И через четверть часа мы шли чинно по Парныхштрассе, и вся улица бежала за нами. Парных шел впереди, дымил папироской и приказывал толпе расступиться, по-русски, но с успехом. За ним мы с Кольнером торжественно несли саженный плед, на котором покоилась бережно уложенная парныховская тетенька черно-бурая. В ворот ее была воткнута ветка, а на ветке висел плакат с черной каймой и надписью готического склада на немецком языке: "В ломбард".
И за нами шли встревоженные обыватели, бежали школьники, несколько собак и даже один блюститель в форме. Никто из них никогда нигде ничего подобного не видел, а придраться было все-таки не к чему. По лицу блюстителя было видно, что он про себя на память бормочет все сто одиннадцать пунктов союзной конституции и никак не может найти подходящего; статское население растерялось совсем до потери соображения; растерялись даже собаки, которые, чуя по запаху, что вещи не краденые, в первый раз за свой собачий век не знали, как с ними поступить. И в то же время все чувствовали, что наша процессия -- нечто незаконное, недопустимое, и возмущались и злились, а мы были в своей тарелке и ликовали, и Парных, ненавидевший швейцарцев, сиял как вымазанный маслом.

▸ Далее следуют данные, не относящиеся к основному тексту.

section \<open>Shearer's bound\<close>

lemma independent_insert_closed_nbhd:
  assumes G: "simple_graph V E" and v: "v \<in> V"
    and W: "W = V - insert v (nbhd E v)" and S: "independent_set W (induced E W) S"
  shows "independent_set V E (insert v S)"
  using S simple_graph_sym[OF G] simple_graph_irrefl[OF G] v
  unfolding W independent_set_def induced_def nbhd_def by blast

lemma card_remove_closed_nbhd:
  assumes G: "simple_graph V E" and v: "v \<in> V" and W: "W = V - insert v (nbhd E v)"
  shows "card W + 1 + deg E v = card V"
proof -
  have sub: "insert v (nbhd E v) \<subseteq> V" using simple_graph_nbhd_subset[OF G] v by auto
  have "card (insert v (nbhd E v)) = 1 + deg E v"
    using simple_graph_finite_nbhd[OF G] simple_graph_not_in_nbhd[OF G] unfolding deg_def by simp
  moreover have "card W = card V - card (insert v (nbhd E v))"
    unfolding W by (rule card_Diff_subset[OF finite_subset[OF sub simple_graph_finite[OF G]] sub])
  moreover have "card (insert v (nbhd E v)) \<le> card V"
    using card_mono[OF simple_graph_finite[OF G] sub] .
  ultimately show ?thesis by linarith
qed

text \<open>Every arc with an end in the neighbourhood of v disappears; counting them as twice the degree
  sum over the neighbourhood overcounts only the arcs inside it, at most a per neighbour.\<close>
lemma degree_sum_remove_closed_nbhd:
  assumes G: "simple_graph V E" and v: "v \<in> V" and W: "W = V - insert v (nbhd E v)"
    and codeg: "\<forall>u w. E u w \<longrightarrow> real (card (nbhd E u \<inter> nbhd E w)) \<le> a"
  shows "real (degree_sum W (induced E W))
    \<le> real (degree_sum V E) - 2 * (\<Sum>u\<in>nbhd E v. real (deg E u)) + a * real (deg E v)"
proof -
  define A where "A = Sigma V (nbhd E)"
  define P where "P = Sigma (nbhd E v) (nbhd E)"
  have fin_A: "finite A" unfolding A_def
    using simple_graph_finite[OF G] simple_graph_finite_nbhd[OF G] by auto
  have P_sub: "P \<subseteq> A" "prod.swap ` P \<subseteq> A" unfolding P_def A_def
    using simple_graph_nbhd_subset[OF G] simple_graph_edge_in[OF G] simple_graph_sym[OF G]
    by (auto simp: nbhd_def)
  have fin_P: "finite P" "finite (prod.swap ` P)" using finite_subset[OF _ fin_A] P_sub by auto
  have card_P: "real (card P) = (\<Sum>u\<in>nbhd E v. real (deg E u))"
    unfolding P_def deg_def using simple_graph_finite_nbhd[OF G] by simp
  have card_swap: "card (prod.swap ` P) = card P" by (rule card_image) (auto simp: inj_on_def)
  have "P \<inter> prod.swap ` P = Sigma (nbhd E v) (\<lambda>u. nbhd E u \<inter> nbhd E v)"
    unfolding P_def using simple_graph_sym[OF G] by (auto simp: nbhd_def image_iff)
  hence "real (card (P \<inter> prod.swap ` P)) = (\<Sum>u\<in>nbhd E v. real (card (nbhd E u \<inter> nbhd E v)))"
    using simple_graph_finite_nbhd[OF G] by simp
  also have "\<dots> \<le> (\<Sum>u\<in>nbhd E v. a)"
    using codeg simple_graph_sym[OF G] by (intro sum_mono) (auto simp: nbhd_def)
  finally have card_int: "real (card (P \<inter> prod.swap ` P)) \<le> a * real (deg E v)"
    by (simp add: deg_def mult.commute)
  have "Sigma W (nbhd (induced E W)) \<subseteq> A - (P \<union> prod.swap ` P)"
    unfolding A_def P_def W induced_def nbhd_def using simple_graph_sym[OF G] by (auto simp: image_iff)
  hence "degree_sum W (induced E W) \<le> card (A - (P \<union> prod.swap ` P))"
    using degree_sum_eq_card_arcs[OF simple_graph_induced[OF G]] card_mono[OF finite_Diff[OF fin_A]]
    by (simp add: W)
  also have "\<dots> = card A - card (P \<union> prod.swap ` P)"
    using P_sub fin_P by (intro card_Diff_subset) auto
  finally have "real (degree_sum W (induced E W)) \<le> real (card A) - real (card (P \<union> prod.swap ` P))"
    using card_mono[OF fin_A, of "P \<union> prod.swap ` P"] P_sub by (simp add: of_nat_diff)
  moreover have "card (P \<union> prod.swap ` P) + card (P \<inter> prod.swap ` P) = card P + card (prod.swap ` P)"
    using card_Un_Int[OF fin_P] by simp
  moreover have "card A = degree_sum V E" unfolding A_def by (rule degree_sum_eq_card_arcs[OF G, symmetric])
  ultimately show ?thesis using card_P card_swap card_int by linarith
qed
(* Let $\tilde{A}\in\mathbb{Q}^{q\times n}$, $\tilde{b}\in\mathbb{Q}^{q}$ be the constraint data of the LP relaxation $P=\{x\in\mathbb{R}^n: \tilde{A}x\ge \tilde{b}\}=\{x: Ax\ge b,\ x\ge 0,\ x_j\le 1,\ j=1,\dots,p\}$ (with $A$ an $m\times n$ matrix, $q=m+n+p$, $Q=\{1,\dots,q\}$), and let $T$ be a finite index set with matrices $D^t\in\mathbb{Q}^{r\times n}$ and vectors $d_0^t\in\mathbb{Q}^r$ for $t\in T$. Let $\bar{w}=(\bar{\alpha},\bar{\beta},\{\bar{u}^t,\bar{v}^t\}_{t\in T})$ be a basic feasible solution of the CGLP system (described in the context). Let $N=N(\bar{u}):=\{j\in Q: \bar{u}^t_j>0 \text{ for some } t\in T\}$ and let $\tilde{A}_N$ be the $|N|\times n$ submatrix of $\tilde{A}$ formed by the rows indexed by $N$. Then $\bar{w}$ is regular if and only if $\tilde{A}_N$ has full row rank, i.e. $\operatorname{rank}(\tilde{A}_N)=|N|$.
   Context: The CGLP system consists of the variables $\alpha\in\mathbb{R}^n$, $\beta\in\mathbb{R}$, $u^t\in\mathbb{R}^q$, $v^t\in\mathbb{R}^r$ ($t\in T$, row vectors) and the constraints: $\alpha-u^t\tilde{A}-v^tD^t=0$ for all $t\in T$; $\beta-u^t\tilde{b}-v^td_0^t=0$ for all $t\in T$; $\sum_{t\in T}\sum_{i=1}^q u^t_i+\sum_{t\in T}\sum_{i=1}^r v^t_i=1$; $u^t\ge 0$, $v^t\ge 0$ for all $t\in T$. (These describe valid inequalities $\alpha x\ge\beta$ for the disjunctive set $\bigvee_{t\in T}\{x:\tilde{A}x\ge\tilde{b},\ D^tx\ge d_0^t\}$.) Note that the rows of $\tilde{A}$ include the $n$ rows of the identity matrix $I_n$ (from $x\ge 0$). A feasible basic solution $(\alpha,\beta,\{u^t,v^t\}_{t\in T})$ of this system is called regular if there exists a set $J\subseteq Q$ with $|J|=n$ such that the $n\times n$ submatrix $\tilde{A}_J$ (rows indexed by $J$) is nonsingular and $u^t_j=0$ for all $j\notin J$ and all $t\in T$; otherwise it is called irregular. *)

theory Defs
  imports "Jordan_Normal_Form.DL_Rank" "Jordan_Normal_Form.DL_Submatrix" "Jordan_Normal_Form.Determinant"
begin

С каким шиком мы явились в столовую, где уже собралась вся колония в ожидании обеда! Я сейчас же вошел в читальню и отыскал библиотекаршу. Она, купно с другими четырьмя девицами, висела неподвижно над свежей книгой толстого журнала, и видно было, что все пятеро задыхаются не столько от тесноты, сколько от блаженства и мления, ибо журнал был из "хороших".
-- Госпожа Перцова, -- позвал я, зная, что библиотекаршу ничем горше не взбесишь, так как она не признавала "титулов". -- Госпожа, за мною, кажется, долг в библиотеке? Она перевела дух от восхищения, оторвала глаза от книги и презрительно посмотрела на меня:
-- Гевисс, абер [Верно, но (нем.)] зачем это вам? Ведь вы все равно не заплатите. Пять франков.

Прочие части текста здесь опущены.